People can use NEITI reports to ask questions. That is number one. Number two is that if you have noticed, a number of things have also changed overtime. May be, they have not changed as we want them. But I don’t want to believe that we are exactly where we were in 2004, in terms of evidence that the citizens can use. Yes, I will agree with you that may be, we need to engage more with citizens; may be; we need to engage more with policy makers to bring about the change. But let us also look at it this way,” he explained.
He identified the recent unbundling of the NNPC, the reform in the Corporation, the removal of petrol subsidy and the introduction of Treasury Single Account (TSA) as some of the recommendations of NEITI in its previous reports.

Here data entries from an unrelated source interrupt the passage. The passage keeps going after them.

(* Let $\mathbf{A}$ be a countable UL-chain and let $\mathscr{K}_3$ be the class of all finite $\mathbf{A}$-structures $\langle\mathbf{A},\mathbf{M}\rangle$ in the language with a single binary relation symbol $<$ such that for all $a,b,c\in M$: (3.1) $\|a<a\|^{\mathbf{A}}_{\mathbf{M}}\ge\bar 1$; (3.2) if $\|a<b\|^{\mathbf{A}}_{\mathbf{M}}\ge\bar 1$ and $\|b<c\|^{\mathbf{A}}_{\mathbf{M}}\ge\bar 1$ then $\|a<c\|^{\mathbf{A}}_{\mathbf{M}}\ge\bar 1$; (3.3) if $\|a<b\|^{\mathbf{A}}_{\mathbf{M}}\ge\bar 1$ and $\|b<a\|^{\mathbf{A}}_{\mathbf{M}}\ge\bar 1$ then $a=b$. Then $\mathscr{K}_3^{\cong}$ is a Fraïssé class, i.e. a countable set of finitely generated $\mathbf{A}$-structures having the hereditary property, the joint embedding property and the amalgamation property.
   Context: A UL-algebra is $\mathbf{A}=\langle A,\wedge,\vee,\&,\to,\bar 0,\bar 1,\bot,\top\rangle$ where $\langle A,\wedge,\vee,\bot,\top\rangle$ is a bounded lattice, $\langle A,\&,\bar 1\rangle$ is a commutative monoid, $a\& b\le c$ iff $b\le a\to c$, and $((a\to b)\wedge\bar 1)\vee((b\to a)\wedge \bar 1)=\bar 1$; a UL-chain is one with linear order. An $\mathbf{A}$-structure for $\{<\}$ is a set $M$ with a function $<_{\mathbf{M}}:M^2\to A$, $\|a<b\|^{\mathbf{A}}_{\mathbf{M}}=<_{\mathbf{M}}(a,b)$. Substructure: subset with restricted relation. Embedding: injective map preserving the values of $<$, identity on $\mathbf{A}$; isomorphism: surjective embedding. $\mathscr{K}^{\cong}$: one representative of each isomorphism type in $\mathscr{K}$. Hereditary property: closed under substructures (up to isomorphism). Joint embedding property: any two members embed into a common member. Amalgamation property: whenever $\mathbf{M}_0$ is a substructure of both $\mathbf{M}_1$ and $\mathbf{M}_2$, all in the class, there are a member $\mathbf{M}_3$ and embeddings $f_1:\mathbf{M}_1\to\mathbf{M}_3$, $f_2:\mathbf{M}_2\to\mathbf{M}_3$ agreeing on $M_0$. *)

theory Defs
  imports Main "HOL-Library.Countable_Set"
begin

record 'a ul_alg =
  carrier :: "'a set"
  meet :: "'a \<Rightarrow> 'a \<Rightarrow> 'a"
  join :: "'a \<Rightarrow> 'a \<Rightarrow> 'a"
  mult :: "'a \<Rightarrow> 'a \<Rightarrow> 'a"
  imp  :: "'a \<Rightarrow> 'a \<Rightarrow> 'a"
  zero :: 'a
  one  :: 'a
  bot  :: 'a
  top  :: 'a

definition ul_le :: "'a ul_alg \<Rightarrow> 'a \<Rightarrow> 'a \<Rightarrow> bool" where
  "ul_le A x y \<longleftrightarrow> meet A x y = x"

definition ul_algebra :: "'a ul_alg \<Rightarrow> bool" where
  "ul_algebra A \<longleftrightarrow>
    \<comment> \<open>closure\<close>
    (\<forall>x\<in>carrier A. \<forall>y\<in>carrier A.
        meet A x y \<in> carrier A \<and> join A x y \<in> carrier A \<and>
        mult A x y \<in> carrier A \<and> imp A x y \<in> carrier A) \<and>
    zero A \<in> carrier A \<and> one A \<in> carrier A \<and> bot A \<in> carrier A \<and> top A \<in> carrier A \<and>
    \<comment> \<open>bounded lattice\<close>
    (\<forall>x\<in>carrier A. \<forall>y\<in>carrier A. \<forall>z\<in>carrier A.
        meet A (meet A x y) z = meet A x (meet A y z) \<and>
        join A (join A x y) z = join A x (join A y z)) \<and>
    (\<forall>x\<in>carrier A. \<forall>y\<in>carrier A.
        meet A x y = meet A y x \<and> join A x y = join A y x \<and>
        meet A x (join A x y) = x \<and> join A x (meet A x y) = x) \<and>
    (\<forall>x\<in>carrier A. ul_le A (bot A) x \<and> ul_le A x (top A)) \<and>
    \<comment> \<open>commutative monoid\<close>
    (\<forall>x\<in>carrier A. \<forall>y\<in>carrier A. \<forall>z\<in>carrier A.
        mult A (mult A x y) z = mult A x (mult A y z)) \<and>
    (\<forall>x\<in>carrier A. \<forall>y\<in>carrier A. mult A x y = mult A y x) \<and>
    (\<forall>x\<in>carrier A. mult A (one A) x = x) \<and>
    \<comment> \<open>residuation\<close>
    (\<forall>a\<in>carrier A. \<forall>b\<in>carrier A. \<forall>c\<in>carrier A.
        ul_le A (mult A a b) c \<longleftrightarrow> ul_le A b (imp A a c)) \<and>
    \<comment> \<open>prelinearity\<close>
    (\<forall>a\<in>carrier A. \<forall>b\<in>carrier A.
        join A (meet A (imp A a b) (one A)) (meet A (imp A b a) (one A)) = one A)"

definition ul_chain :: "'a ul_alg \<Rightarrow> bool" where
  "ul_chain A \<longleftrightarrow> ul_algebra A \<and>
     (\<forall>x\<in>carrier A. \<forall>y\<in>carrier A. ul_le A x y \<or> ul_le A y x)"

text \<open>An A-structure is a pair (M, R) of a domain M and the valuation
  R a b = ||a < b|| of the binary symbol. Domains are subsets of nat
  (every finite / countable structure is isomorphic to one of this form).\<close>

type_synonym 'a strc = "nat set \<times> (nat \<Rightarrow> nat \<Rightarrow> 'a)"

definition a_structure :: "'a ul_alg \<Rightarrow> 'a strc \<Rightarrow> bool" where
  "a_structure A S \<longleftrightarrow> (\<forall>a\<in>fst S. \<forall>b\<in>fst S. snd S a b \<in> carrier A)"

definition substructure :: "'a strc \<Rightarrow> 'a strc \<Rightarrow> bool" where
  "substructure N M \<longleftrightarrow> fst N \<subseteq> fst M \<and>
     (\<forall>a\<in>fst N. \<forall>b\<in>fst N. snd N a b = snd M a b)"

definition embedding :: "(nat \<Rightarrow> nat) \<Rightarrow> 'a strc \<Rightarrow> 'a strc \<Rightarrow> bool" where
  "embedding f M N \<longleftrightarrow> inj_on f (fst M) \<and> f ` fst M \<subseteq> fst N \<and>
     (\<forall>a\<in>fst M. \<forall>b\<in>fst M. snd N (f a) (f b) = snd M a b)"

definition isomorphism :: "(nat \<Rightarrow> nat) \<Rightarrow> 'a strc \<Rightarrow> 'a strc \<Rightarrow> bool" where
  "isomorphism f M N \<longleftrightarrow> embedding f M N \<and> f ` fst M = fst N"

definition isomorphic :: "'a strc \<Rightarrow> 'a strc \<Rightarrow> bool" where
  "isomorphic M N \<longleftrightarrow> (\<exists>f. isomorphism f M N)"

“There are two ways you can change the world. One way is through a revolution – people go to the streets or somebody overthrows the present order and introduces a new order. The other way of changing the world is by increment – you make one progress, you build on it; you make another progress, you build on it. What I am trying to say is that in the last 12 years, a lot has happened in terms of people being more aware of what is going on and not relying only on NNPC to tell you what is going on. That is number one. Number two is that from issues we have been talking overtime, there are certain things that are wrong in the way we manage our resources. Some of them are aggregating together to the extent that now, we are seeing some changes. Also some money that would not have been recovered is being recovered. But has NEITI failed? The answer is No,” Adio said.
“What I am trying to say is that the work of changing the society is always work-in-progress. The only thing is that if you notice that you are not making progress- if you are retrogressing, you should worry. But what I am trying to say is that a lot of progress has been made,” Adio added.
Adio recalled that even in the last general elections, the issue of implementing NEITI reports was a campaign issue, adding that if there was no NEITI, nobody would have talked about NEITI reports.
He insisted that the country must have the political will to implement the reports, adding that the report will not be relevant when the government in power is not interested in change.
“We need to have the political will. If you have a government – let me give you an example: NNPC divested 55 per cent of its assets to its upstream subsidiary – the Nigerian Petroleum Development Company (NPDC) but the assets were not properly valued. They were valued at $1.8 billion and they paid only $100 million and the rest of the money was not paid and they were benefitting from it. So, if you raise such issue with a government that is interested in keeping it that way – if you have a government that is not interested in change- in making things work, then you are just wasting your time writing reports. So, what we need to do is to get the buy-in of the government,” Adio said.
He argued that the citizens should be on top of these issues and not regard them as NEITI issues because they border on the welfare of the people.
NEITI has justified its existence but what is left is for the federal government to develop the needed political will to implement the agency’s reports.